Same problem for me. Just took down my working 2.5 cluster and created a new cluster with 2.6.2. The system says all the nodes are active, but I am unable to use the explore function.

Is this a bug in Rancher 2.6 or is everyone suddenly doing something wrong. Is anyone from Rancher investigating?

Same issue, after upgrade to the new helm chart version this happened. We deleted and re-imported the clusters, it worked for a few days and then it happened again. We don’t see any errors anywhere. Is anyone investigating this?

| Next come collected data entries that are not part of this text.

(* The lower Vietoris monad $H$ on $\mathbf{Top}$ is observational.
   Context: $\mathbf{Top}$ is the category of topological spaces with product topologies. $HX$ is the set of closed subsets of $X$ (including $\emptyset$) with topology generated by the sets $\{C: C\cap U\neq\emptyset\}$ for $U\subseteq X$ open; $\eta_X(x)=\overline{\{x\}}$; $\mu_X(\mathcal{C})=\overline{\bigcup_{C\in\mathcal{C}}C}$; $Hf(C)=\overline{f(C)}$; commutative monoidal structure $\nabla(C,D)=C\times D$. For a commutative monad $T$ on a cartesian monoidal category: $\mathsf{Kl}(T)$ has morphisms $f:A\rightsquigarrow B$ corresponding to $f^\sharp:A\to TB$, composition $(g\circledcirc f)^\sharp=\mu\circ T(g^\sharp)\circ f^\sharp$, tensor $\otimes$ equal to $\times$ on objects with $(f\otimes g)^\sharp=\nabla\circ(f^\sharp\times g^\sharp)$; $\mathsf{force}_A^\sharp=1_{TA}$; $\mathsf{copy}_n^\sharp=\eta\circ\Delta_n:TX\to T((TX)^n)$; $\mathsf{samp}_n=\mathsf{force}^{\otimes n}\circledcirc\mathsf{copy}_n:TX\rightsquigarrow X^{\otimes n}$. $T$ is observational if for every $X$ the family $(\mathsf{samp}_n)_{n\in\mathbb{N}}$ is jointly monic in $\mathsf{Kl}(T)$. *)

theory Defs
  imports "HOL-Analysis.Analysis"
begin

text \<open>Lower Vietoris space HX: closed subsets of X (including the empty set), topology
generated by the sets {C. C meets U} for U open; the whole carrier HX is also declared
open, so that the carrier of the generated topology is exactly the set of closed sets.\<close>
definition lower_vietoris :: "'a topology \<Rightarrow> 'a set topology" where
  "lower_vietoris X = topology_generated_by
     (insert {C. closedin X C} {{C. closedin X C \<and> C \<inter> U \<noteq> {}} | U. openin X U})"

definition lv_eta :: "'a topology \<Rightarrow> 'a \<Rightarrow> 'a set" where
  "lv_eta X x = X closure_of {x}"

definition lv_mu :: "'a topology \<Rightarrow> 'a set set \<Rightarrow> 'a set" where
  "lv_mu X \<C> = X closure_of (\<Union>\<C>)"

definition lv_map :: "'b topology \<Rightarrow> ('a \<Rightarrow> 'b) \<Rightarrow> 'a set \<Rightarrow> 'b set" where
  "lv_map Y h C = Y closure_of (h ` C)"

text \<open>Kleisli composition: for f : A ~> B and g : B ~> Z (given by their sharps),
(g o f)^# = mu_Z o H(g^#) o f^#.\<close>
definition kcomp :: "'c topology \<Rightarrow> ('b \<Rightarrow> 'c set) \<Rightarrow> ('a \<Rightarrow> 'b set) \<Rightarrow> 'a \<Rightarrow> 'c set" where
  "kcomp Z g f = (\<lambda>a. lv_mu Z (lv_map (lower_vietoris Z) g (f a)))"

definition power_sp :: "'a topology \<Rightarrow> nat \<Rightarrow> (nat \<Rightarrow> 'a) topology" where
  "power_sp X n = product_topology (\<lambda>_. X) {..<n}"

definition copy_n :: "'a topology \<Rightarrow> nat \<Rightarrow> 'a set \<Rightarrow> (nat \<Rightarrow> 'a set) set" where
  "copy_n X n C = lv_eta (power_sp (lower_vietoris X) n) (restrict (\<lambda>_. C) {..<n})"

text \<open>(force^{\<otimes>n})^# = n-fold nabla o (1 x ... x 1) : (HX)^n \<rightarrow> H(X^n),
the n-fold nabla being the product of the closed sets.\<close>
definition force_tensor_n :: "nat \<Rightarrow> (nat \<Rightarrow> 'a set) \<Rightarrow> (nat \<Rightarrow> 'a) set" where
  "force_tensor_n n Cs = PiE {..<n} Cs"

definition samp_n :: "'a topology \<Rightarrow> nat \<Rightarrow> 'a set \<Rightarrow> (nat \<Rightarrow> 'a) set" where
  "samp_n X n = kcomp (power_sp X n) (force_tensor_n n) (copy_n X n)"

end

(*
  The Kleisli extension of samp_n sends a closed family F of closed sets to the closure in X^n
  of the union of the powers C^n, C in F: indeed samp_n C = C^n, because the closure of {C}
  in HX consists of the closed subsets of C.  These power closures determine F.  If D is not
  in F then, F being closed, some basic neighbourhood {C. C meets U_0, ..., U_(n-1)} of D
  in HX misses F; the open box U_0 x ... x U_(n-1) then meets D^n but no C^n with C in F,
  so D^n is not contained in the n-th power closure of F.
*)

theory Submission
  imports Defs
begin

lemma topspace_lower_vietoris: "topspace (lower_vietoris X) = {C. closedin X C}"
  unfolding lower_vietoris_def by auto

lemma openin_lower_vietoris_meets:
  "openin X U \<Longrightarrow> openin (lower_vietoris X) {C. closedin X C \<and> C \<inter> U \<noteq> {}}"
  unfolding lower_vietoris_def by (rule topology_generated_by_Basis) blast

definition lv_hitting :: "'a topology \<Rightarrow> 'a set set \<Rightarrow> 'a set set" where
  "lv_hitting X \<U> = {C. closedin X C \<and> (\<forall>U\<in>\<U>. C \<inter> U \<noteq> {})}"

lemma lower_vietoris_nhds_base:
  assumes "openin (lower_vietoris X) V" "D \<in> V"
  obtains \<U> where "finite \<U>" "\<forall>U\<in>\<U>. openin X U" "D \<in> lv_hitting X \<U>" "lv_hitting X \<U> \<subseteq> V"
proof -
  have "generate_topology_on
      (insert {C. closedin X C} {{C. closedin X C \<and> C \<inter> U \<noteq> {}} | U. openin X U}) V"
    using assms(1) unfolding lower_vietoris_def openin_topology_generated_by_iff .
  then have "\<exists>\<U>. finite \<U> \<and> (\<forall>U\<in>\<U>. openin X U) \<and> D \<in> lv_hitting X \<U> \<and> lv_hitting X \<U> \<subseteq> V"
    using assms(2)
  proof (induction arbitrary: D)
    case Empty
    then show ?case by simp
  next
    case (Int a b)
    have "D \<in> a" "D \<in> b" using Int.prems by auto
    from Int.IH(1)[OF \<open>D \<in> a\<close>] obtain \<U> where
      "finite \<U>" "\<forall>U\<in>\<U>. openin X U" "D \<in> lv_hitting X \<U>" "lv_hitting X \<U> \<subseteq> a"
      by blast
    moreover from Int.IH(2)[OF \<open>D \<in> b\<close>] obtain \<V> where
      "finite \<V>" "\<forall>U\<in>\<V>. openin X U" "D \<in> lv_hitting X \<V>" "lv_hitting X \<V> \<subseteq> b"
      by blast
    ultimately show ?case
      by (intro exI[of _ "\<U> \<union> \<V>"]) (auto simp: lv_hitting_def)
  next
    case (UN K)
    then obtain k where "k \<in> K" "D \<in> k" by blast
    from UN.IH[OF this] obtain \<U> where
      "finite \<U>" "\<forall>U\<in>\<U>. openin X U" "D \<in> lv_hitting X \<U>" "lv_hitting X \<U> \<subseteq> k"
      by blast
    with \<open>k \<in> K\<close> show ?case by blast
  next
    case (Basis s)
    then consider "s = {C. closedin X C}"
      | U where "openin X U" "s = {C. closedin X C \<and> C \<inter> U \<noteq> {}}"
      by blast
    then show ?case
    proof cases
      case 1
      with Basis.prems show ?thesis
        by (intro exI[of _ "{}"]) (auto simp: lv_hitting_def)
    next
      case 2
      with Basis.prems show ?thesis
        by (intro exI[of _ "{U}"]) (auto simp: lv_hitting_def)
    qed
  qed
  with that show ?thesis by blast
qed

lemma openin_lower_vietoris_upclosed:
  assumes "openin (lower_vietoris X) V" "D \<in> V" "closedin X C" "D \<subseteq> C"
  shows "C \<in> V"
proof -
  from lower_vietoris_nhds_base[OF assms(1,2)] obtain \<U>
    where "D \<in> lv_hitting X \<U>" "lv_hitting X \<U> \<subseteq> V"
    by metis
  moreover from \<open>D \<in> lv_hitting X \<U>\<close> have "C \<in> lv_hitting X \<U>"
    using assms(3,4) unfolding lv_hitting_def by blast
  ultimately show ?thesis by blast
qed

lemma closedin_if_in_lower_vietoris_closure_of:
  "E \<in> lower_vietoris X closure_of \<S> \<Longrightarrow> closedin X E"
  using closure_of_subset_topspace[of "lower_vietoris X" \<S>]
  by (auto simp: topspace_lower_vietoris)

lemma lower_vietoris_closure_of_meets:
  assumes "E \<in> lower_vietoris X closure_of \<S>" "openin X W" "E \<inter> W \<noteq> {}"
  shows "\<exists>C\<in>\<S>. C \<inter> W \<noteq> {}"
proof -
  have "\<forall>T. E \<in> T \<and> openin (lower_vietoris X) T \<longrightarrow> (\<exists>C. C \<in> \<S> \<and> C \<in> T)"
    using assms(1) unfolding in_closure_of by simp
  moreover have "E \<in> {C. closedin X C \<and> C \<inter> W \<noteq> {}}"
    using closedin_if_in_lower_vietoris_closure_of[OF assms(1)] assms(3) by simp
  ultimately obtain C where "C \<in> \<S>" "C \<in> {C. closedin X C \<and> C \<inter> W \<noteq> {}}"
    using openin_lower_vietoris_meets[OF assms(2)] by meson
  then show ?thesis by auto
qed

lemma in_lower_vietoris_closure_of_imp_subset:
  assumes "E \<in> lower_vietoris X closure_of \<S>"
  shows "E \<subseteq> X closure_of \<Union>\<S>"
proof
  fix x assume "x \<in> E"
  then have "x \<in> topspace X"
    using closedin_subset[OF closedin_if_in_lower_vietoris_closure_of[OF assms]] by blast
  moreover have "\<exists>y. y \<in> \<Union>\<S> \<and> y \<in> T" if "x \<in> T" "openin X T" for T
  proof -
    have "E \<inter> T \<noteq> {}" using \<open>x \<in> E\<close> \<open>x \<in> T\<close> by blast
    then obtain C where "C \<in> \<S>" "C \<inter> T \<noteq> {}"
      using lower_vietoris_closure_of_meets[OF assms \<open>openin X T\<close>] by blast
    then show ?thesis by blast
  qed
  ultimately show "x \<in> X closure_of \<Union>\<S>"
    unfolding in_closure_of by blast
qed

lemma lower_vietoris_closure_of_singleton:
  assumes "closedin X C"
  shows "lower_vietoris X closure_of {C} = {D. closedin X D \<and> D \<subseteq> C}"
proof (rule set_eqI, rule iffI)
  fix D assume D: "D \<in> lower_vietoris X closure_of {C}"
  have "D \<subseteq> C"
    using in_lower_vietoris_closure_of_imp_subset[OF D] closure_of_closedin[OF assms] by simp
  with closedin_if_in_lower_vietoris_closure_of[OF D] show "D \<in> {D. closedin X D \<and> D \<subseteq> C}"
    by simp
next
  fix D assume "D \<in> {D. closedin X D \<and> D \<subseteq> C}"
  then have "closedin X D" "D \<subseteq> C" by auto
  then show "D \<in> lower_vietoris X closure_of {C}"
    unfolding in_closure_of topspace_lower_vietoris
    using openin_lower_vietoris_upclosed[OF _ _ assms] by blast
qed

lemma lv_mu_closure_of:
  assumes "\<S> \<subseteq> topspace (lower_vietoris X)"
  shows "lv_mu X (lower_vietoris X closure_of \<S>) = X closure_of \<Union>\<S>"
proof (rule antisym)
  show "lv_mu X (lower_vietoris X closure_of \<S>) \<subseteq> X closure_of \<Union>\<S>"
    unfolding lv_mu_def
    by (intro closure_of_minimal Union_least closedin_closure_of in_lower_vietoris_closure_of_imp_subset)
  show "X closure_of \<Union>\<S> \<subseteq> lv_mu X (lower_vietoris X closure_of \<S>)"
    unfolding lv_mu_def by (intro closure_of_mono Union_mono closure_of_subset assms)
qed

lemma kcomp_eq_closure_of_Union:
  assumes "\<And>C. C \<in> f a \<Longrightarrow> closedin Z (h C)"
  shows "kcomp Z h f a = Z closure_of (\<Union>C\<in>f a. h C)"
proof -
  have "h ` f a \<subseteq> topspace (lower_vietoris Z)"
    using assms by (auto simp: topspace_lower_vietoris)
  then show ?thesis
    unfolding kcomp_def lv_map_def by (rule lv_mu_closure_of)
qed

lemma closedin_power_sp_PiE:
  "(\<And>i. i < n \<Longrightarrow> closedin X (S i)) \<Longrightarrow> closedin (power_sp X n) (PiE {..<n} S)"
  unfolding power_sp_def by (simp add: closedin_product_topology)

lemma copy_n_eq:
  assumes "closedin X C"
  shows "copy_n X n C = PiE {..<n} (\<lambda>_. {D. closedin X D \<and> D \<subseteq> C})"
proof -
  have "{restrict (\<lambda>_. C) {..<n}} = PiE {..<n} (\<lambda>i. {restrict (\<lambda>_. C) {..<n} i})"
    by (rule PiE_singleton[symmetric]) simp
  also have "\<dots> = PiE {..<n} (\<lambda>_. {C})"
    by (rule PiE_cong) simp
  finally show ?thesis
    unfolding copy_n_def lv_eta_def power_sp_def
    by (simp only: closure_of_product_topology lower_vietoris_closure_of_singleton[OF assms])
qed

lemma samp_n_eq_power:
  assumes "closedin X C"
  shows "samp_n X n C = PiE {..<n} (\<lambda>_. C)"
proof -
  have closed: "closedin (power_sp X n) (force_tensor_n n Ds)" if "Ds \<in> copy_n X n C" for Ds
    using that unfolding copy_n_eq[OF assms] force_tensor_n_def
    by (intro closedin_power_sp_PiE) auto
  have "(\<Union>Ds\<in>copy_n X n C. force_tensor_n n Ds) = PiE {..<n} (\<lambda>_. C)"
  proof (rule antisym)
    show "(\<Union>Ds\<in>copy_n X n C. force_tensor_n n Ds) \<subseteq> PiE {..<n} (\<lambda>_. C)"
      unfolding copy_n_eq[OF assms] force_tensor_n_def by (auto simp: PiE_iff)
    have "restrict (\<lambda>_. C) {..<n} \<in> copy_n X n C"
      using assms by (simp add: copy_n_eq)
    moreover have "force_tensor_n n (restrict (\<lambda>_. C) {..<n}) = PiE {..<n} (\<lambda>_. C)"
      unfolding force_tensor_n_def by (rule PiE_cong) simp
    ultimately show "PiE {..<n} (\<lambda>_. C) \<subseteq> (\<Union>Ds\<in>copy_n X n C. force_tensor_n n Ds)"
      by blast
  qed
  moreover have "closedin (power_sp X n) (PiE {..<n} (\<lambda>_. C))"
    using assms by (rule closedin_power_sp_PiE)
  ultimately show ?thesis
    unfolding samp_n_def by (simp add: kcomp_eq_closure_of_Union closed closure_of_closedin)
qed

definition power_closure :: "'a topology \<Rightarrow> nat \<Rightarrow> 'a set set \<Rightarrow> (nat \<Rightarrow> 'a) set" where
  "power_closure X n \<F> = power_sp X n closure_of (\<Union>C\<in>\<F>. PiE {..<n} (\<lambda>_. C))"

@josesolis2201 @Simon_Carr Is your cattle-cluster-agent running ? Please check status and pod logs.

@Arivoli_Murugan

INFO: Using resolv.conf: nameserver 10.43.0.10 search cattle-system.svc.cluster.local svc.cluster.local cluster.local redacted.net options ndots:5
INFO: https://rancher.redacted.com/ping is accessible
INFO: rancher.redacted.com resolves to 10.50.94.128
INFO: Value from https://rancher.redacted.com/v3/settings/cacerts is an x509 certificate
time="2021-11-10T15:56:25Z" level=info msg="Listening on /tmp/log.sock"
time="2021-11-10T15:56:25Z" level=info msg="Rancher agent version v2.6.2 is starting"
time="2021-11-10T15:56:25Z" level=info msg="Connecting to wss://rancher.redacted.com/v3/connect/register with token starting with q76dtp85nzjpc6grqvhj5kfmp2k"
time="2021-11-10T15:56:25Z" level=info msg="Connecting to proxy" url="wss://rancher.redacted.com/v3/connect/register"

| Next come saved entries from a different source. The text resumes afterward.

lemma monomial_in_upd: "monomial_in n a \<Longrightarrow> j \<in> {1..n} \<Longrightarrow> monomial_in n (a(j := x))"
  unfolding monomial_in_def by auto

lemma mdeg_upd:
  assumes "monomial_in n a" "j \<in> {1..n}"
  shows "mdeg (a(j := x)) + a j = mdeg a + x"
proof -
  have "sum (a(j := x)) ({1..n} - {j}) = sum a ({1..n} - {j})"
    by (rule sum.cong) auto
  moreover have "sum (a(j := x)) {1..n} = x + sum (a(j := x)) ({1..n} - {j})"
    using assms(2) by (subst sum.remove[of _ j]) auto
  moreover have "sum a {1..n} = a j + sum a ({1..n} - {j})"
    using assms(2) by (subst sum.remove[of _ j]) auto
  ultimately show ?thesis
    using mdeg_eq_sum[OF assms(1)] mdeg_eq_sum[OF monomial_in_upd[OF assms]] by simp
qed

lemma mdeg_power: "mdeg ((\<lambda>_. 0)(j := x)) = x"
proof (cases "x = 0")
  case False
  then have "{k. ((\<lambda>_. 0::nat)(j := x)) k \<noteq> 0} = {j}" by auto
  then show ?thesis by (simp add: mdeg_def)
qed (simp add: mdeg_def)

lemma divides_mon_trans: "divides_mon a b \<Longrightarrow> divides_mon b c \<Longrightarrow> divides_mon a c"
  unfolding divides_mon_def using le_trans by blast

lemma divides_mon_zero: "divides_mon d a \<Longrightarrow> a t = 0 \<Longrightarrow> d t = 0"
  unfolding divides_mon_def by (metis le_zero_eq)

lemma monomial_in_divisor: "monomial_in n a \<Longrightarrow> divides_mon d a \<Longrightarrow> monomial_in n d"
  unfolding monomial_in_def divides_mon_def by (metis le_zero_eq)

lemma mdeg_divides_le: "monomial_in n a \<Longrightarrow> divides_mon d a \<Longrightarrow> mdeg d \<le> mdeg a"
  using monomial_in_divisor[of n a d] mdeg_eq_sum[of n]
  by (simp add: divides_mon_def sum_mono)

lemma mdeg_divides_less:
  assumes "monomial_in n a" "divides_mon d a" "d \<noteq> a"
  shows "mdeg d < mdeg a"
proof -
  obtain j where "d j \<noteq> a j" using assms(3) by auto
  with assms(2) have "d j < a j" unfolding divides_mon_def by (simp add: le_neq_implies_less)
  with assms(1) have "j \<in> {1..n}" unfolding monomial_in_def by auto
  have "sum d {1..n} < sum a {1..n}"
    by (rule sum_strict_mono_ex1) (use assms(2) \<open>j \<in> {1..n}\<close> \<open>d j < a j\<close> in \<open>auto simp: divides_mon_def\<close>)
  then show ?thesis using mdeg_eq_sum monomial_in_divisor assms(1,2) by metis
qed

lemma mdeg_pos: "monomial_in n a \<Longrightarrow> a \<noteq> (\<lambda>_. 0) \<Longrightarrow> 0 < mdeg a"
  using mdeg_divides_less[of n a "\<lambda>_. 0"] by (simp add: divides_mon_def mdeg_def)

lemma divisor_of_mdeg:
  "monomial_in n a \<Longrightarrow> k \<le> mdeg a \<Longrightarrow> \<exists>d. divides_mon d a \<and> mdeg d = k"
proof (induction "mdeg a - k" arbitrary: a)
  case 0
  then show ?case by (intro exI[of _ a]) (auto simp: divides_mon_def)
next
  case (Suc m)
  then have "a \<noteq> (\<lambda>_. 0)" by (auto simp: mdeg_def)
  then obtain j where j: "a j \<noteq> 0" by auto
  with Suc.prems have jn: "j \<in> {1..n}" unfolding monomial_in_def by auto
  define a' where "a' = a(j := a j - 1)"
  have "monomial_in n a'" unfolding a'_def using monomial_in_upd Suc.prems jn by blast
  moreover have "mdeg a' + 1 = mdeg a"
    using mdeg_upd[OF Suc.prems(1) jn, of "a j - 1"] j unfolding a'_def by simp
  moreover have "m = mdeg a' - k" "k \<le> mdeg a'" using Suc.hyps(2) \<open>mdeg a' + 1 = mdeg a\<close> by linarith+
  ultimately obtain d where "divides_mon d a'" "mdeg d = k"
    using Suc.hyps(1) by blast
  moreover have "divides_mon a' a" unfolding a'_def divides_mon_def by auto
  ultimately show ?case using divides_mon_trans by blast
qed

These are the logs from the cattle-cluster-agent pod in the cluster and yet, I can’t explore it in the UI.
I can see the machines that are part of the cluster but the explore button appears greyed out. This started happening only after the recent upgrade to 2.6

To dive deeper into our infrastructure and the issue at hand: We are importing RKE clusters into rancher, not provisioning them with rancher. As soon as I delete the cluster and re-register it the cluster is fine and I can explore it, it is only after some time (no pattern here) that I can no longer explore the cluster. The cattle pods never fail or hint to any errors

I did notice that deleting the cluster in rancher does not correctly schedule the rancher resources for deletion. I have no idea what is going on but I am intrigued that not many people seem to have this issue

I’ve imported the clusters again and they are working for the moment
The issue is that after some time they just stop working. They don’t appear unhealthy on anything the explore button just goes gray.
EDIT:
Like this actually:

Same issue here, since I upgraded Rancher to v2.6. It was working fine on Rancher v2.5.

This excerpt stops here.